TASK OBJECTIVE ::
From the data, copy out every line in which the word "shows" appears.

(Dataset entries)
►

lemma integral_coordinate_patch_bounds:
  fixes p :: "'j::finite \<Rightarrow> real^'g" and M :: "(real^'g) measure"
  assumes pos: "\<forall>i. 0 < p j $ i"
    and M: "prob_space M" "sets M = sets borel" "emeasure M (budget p j) = 1"
    and null: "\<forall>x\<in>multi_patches p. measure M x = 0"
  shows "(\<Sum>x\<in>patches_in p j. d_low k x * measure M x) \<le> (\<integral>y. y$k \<partial>M)"
    and "(\<integral>y. y$k \<partial>M) \<le> (\<Sum>x\<in>patches_in p j. d_up k x * measure M x)"
proof -
  interpret prob_space M by (rule M(1))
  have on_budget: "AE y in M. y \<in> budget p j"
    by (rule AE_prob_1) (use M(3) in \<open>simp add: measure_def\<close>)
  have AE_patch: "AE y in M. y \<in> budget p j \<and> patch_of p y \<in> patches_in p j"
    using on_budget AE_avoids_multi_patches[OF finite_measure_axioms M(2) null]
    by eventually_elim (auto intro: patch_of_in_patches_in)
  define step where "step f y = (\<Sum>x\<in>patches_in p j. f x * indicator x y)"
    for f :: "(real^'g) set \<Rightarrow> real" and y
  have patch_sets: "x \<in> sets M" if "x \<in> patches_in p j" for x
    using patches_borel M(2) that unfolding patches_in_def by auto
  have step_integrable: "integrable M (step f)" for f
    unfolding step_def using patch_sets by (auto simp: emeasure_eq_measure)
  have step_integral: "integral\<^sup>L M (step f) = (\<Sum>x\<in>patches_in p j. f x * measure M x)" for f
    unfolding step_def using patch_sets by (simp add: emeasure_eq_measure)
  have step_patch: "AE y in M. step f y = f (patch_of p y)" for f
    using AE_patch by eventually_elim (simp add: step_def sum_indicator_patches_in)
  have coordinate_integrable: "integrable M (\<lambda>y. y$k)"
  proof (rule integrable_const_bound[where B="1 / p j $ k"])
    show "AE y in M. norm (y$k) \<le> 1 / p j $ k"
      using on_budget
      by eventually_elim (use budget_coordinate_bounds[OF pos] in \<open>auto simp: budget_def\<close>)
  qed (simp add: measurable_cong_sets[OF M(2) refl])
  have "AE y in M. step (d_low k) y \<le> y$k"
    using AE_patch step_patch[of "d_low k"]
    by eventually_elim (use patch_of_coordinate_bounds[of p j, OF pos] in auto)
  then have "integral\<^sup>L M (step (d_low k)) \<le> (\<integral>y. y$k \<partial>M)"
    by (intro integral_mono_AE step_integrable coordinate_integrable)
  then show "(\<Sum>x\<in>patches_in p j. d_low k x * measure M x) \<le> (\<integral>y. y$k \<partial>M)"
    by (simp add: step_integral)
  have "AE y in M. y$k \<le> step (d_up k) y"
    using AE_patch step_patch[of "d_up k"]
    by eventually_elim (use patch_of_coordinate_bounds[of p j, OF pos] in auto)
  then have "(\<integral>y. y$k \<partial>M) \<le> integral\<^sup>L M (step (d_up k))"
    by (intro integral_mono_AE step_integrable coordinate_integrable)
  then show "(\<integral>y. y$k \<partial>M) \<le> (\<Sum>x\<in>patches_in p j. d_up k x * measure M x)"
    by (simp add: step_integral)
qed

subsection \<open>Column weights from a rationalizing distribution\<close>

lemma measurable_component_sets_PiM:
  assumes "sets Q = sets (\<Pi>\<^sub>M j\<in>UNIV. borel)"
  shows "(\<lambda>d. d j) \<in> Q \<rightarrow>\<^sub>M borel"
  unfolding measurable_cong_sets[OF assms refl] by (rule measurable_component_singleton) simp

lemma sum_measure_column_events:
  fixes Q :: "('j::finite \<Rightarrow> real^'g) measure"
  assumes "prob_space Q" and sets_Q: "sets Q = sets (\<Pi>\<^sub>M j\<in>UNIV. borel)"
    and AE_col: "AE d in Q. (\<lambda>i. patch_of p (d i)) \<in> columns p rep \<and> (\<forall>i. d i \<in> union_budgets p)"
    and x: "x \<in> patches_in p j"
  shows "(\<Sum>c\<in>{c \<in> columns p rep. c j = x}. measure Q {d \<in> space Q. \<forall>i. d i \<in> c i})
       = measure Q {d \<in> space Q. d j \<in> x}"
proof -
  interpret prob_space Q by fact
  define C where "C = {c \<in> columns p rep. c j = x}"
  define E where "E c = {d \<in> space Q. \<forall>i. d i \<in> c i}" for c :: "'j \<Rightarrow> (real^'g) set"
  have column_patches: "c i \<in> patches p" if "c \<in> columns p rep" for c i
    using that unfolding columns_def patches_in_def by auto
  have event_sets: "{d \<in> space Q. d i \<in> y} \<in> sets Q" if "y \<in> patches p" for i y
  proof -
    from measurable_sets[OF measurable_component_sets_PiM[OF sets_Q] patches_borel[OF that]]
    show ?thesis
      by (simp add: vimage_def Int_def conj_commute)
  qed
  have E_sets: "E c \<in> sets Q" if "c \<in> C" for c
  proof -
    have "E c = (\<Inter>i\<in>UNIV. {d \<in> space Q. d i \<in> c i})"
      unfolding E_def by auto
    also have "\<dots> \<in> sets Q"
      using that column_patches event_sets unfolding C_def by (intro sets.finite_INT) auto
    finally show ?thesis .
  qed
  have finite_C: "finite C"
    unfolding C_def using finite_columns[of p rep] by simp
  have "(\<Sum>c\<in>C. measure Q (E c)) = measure Q (\<Union>c\<in>C. E c)"
  proof (rule measure_finite_Union[symmetric, OF finite_C])
    show "disjoint_family_on E C"
    proof (unfold disjoint_family_on_def, intro ballI impI)
      fix c c' assume cc': "c \<in> C" "c' \<in> C" "c \<noteq> c'"
      then obtain i where "c i \<noteq> c' i"
        by (meson ext)
      then have "c i \<inter> c' i = {}"
        using cc' column_patches unfolding C_def by (intro patches_disjoint) auto
      then show "E c \<inter> E c' = {}"
        unfolding E_def by auto
    qed
  qed (use E_sets in \<open>auto simp: emeasure_eq_measure\<close>)
  also have "\<dots> = measure Q {d \<in> space Q. d j \<in> x}"
  proof (rule measure_eq_AE)
    show "AE d in Q. d \<in> (\<Union>c\<in>C. E c) \<longleftrightarrow> d \<in> {d \<in> space Q. d j \<in> x}"
      using AE_col
    proof eventually_elim
      case (elim d)
      have "x = patch_of p (d j)" if "d j \<in> x"
        using mem_patches_iff[of x p "d j"] x elim that unfolding patches_in_def by auto
      then show ?case
        using elim mem_patch_of_self unfolding C_def E_def by auto
    qed
    show "(\<Union>c\<in>C. E c) \<in> sets Q"
      using E_sets finite_C by auto
    show "{d \<in> space Q. d j \<in> x} \<in> sets Q"
      using x event_sets unfolding patches_in_def by auto
  qed
  finally show ?thesis
    unfolding C_def E_def .
qed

◄

EXPECTED OUTPUT ::
  shows "(\<Sum>x\<in>patches_in p j. d_low k x * measure M x) \<le> (\<integral>y. y$k \<partial>M)"
  shows "(\<lambda>d. d j) \<in> Q \<rightarrow>\<^sub>M borel"
  shows "(\<Sum>c\<in>{c \<in> columns p rep. c j = x}. measure Q {d \<in> space Q. \<forall>i. d i \<in> c i})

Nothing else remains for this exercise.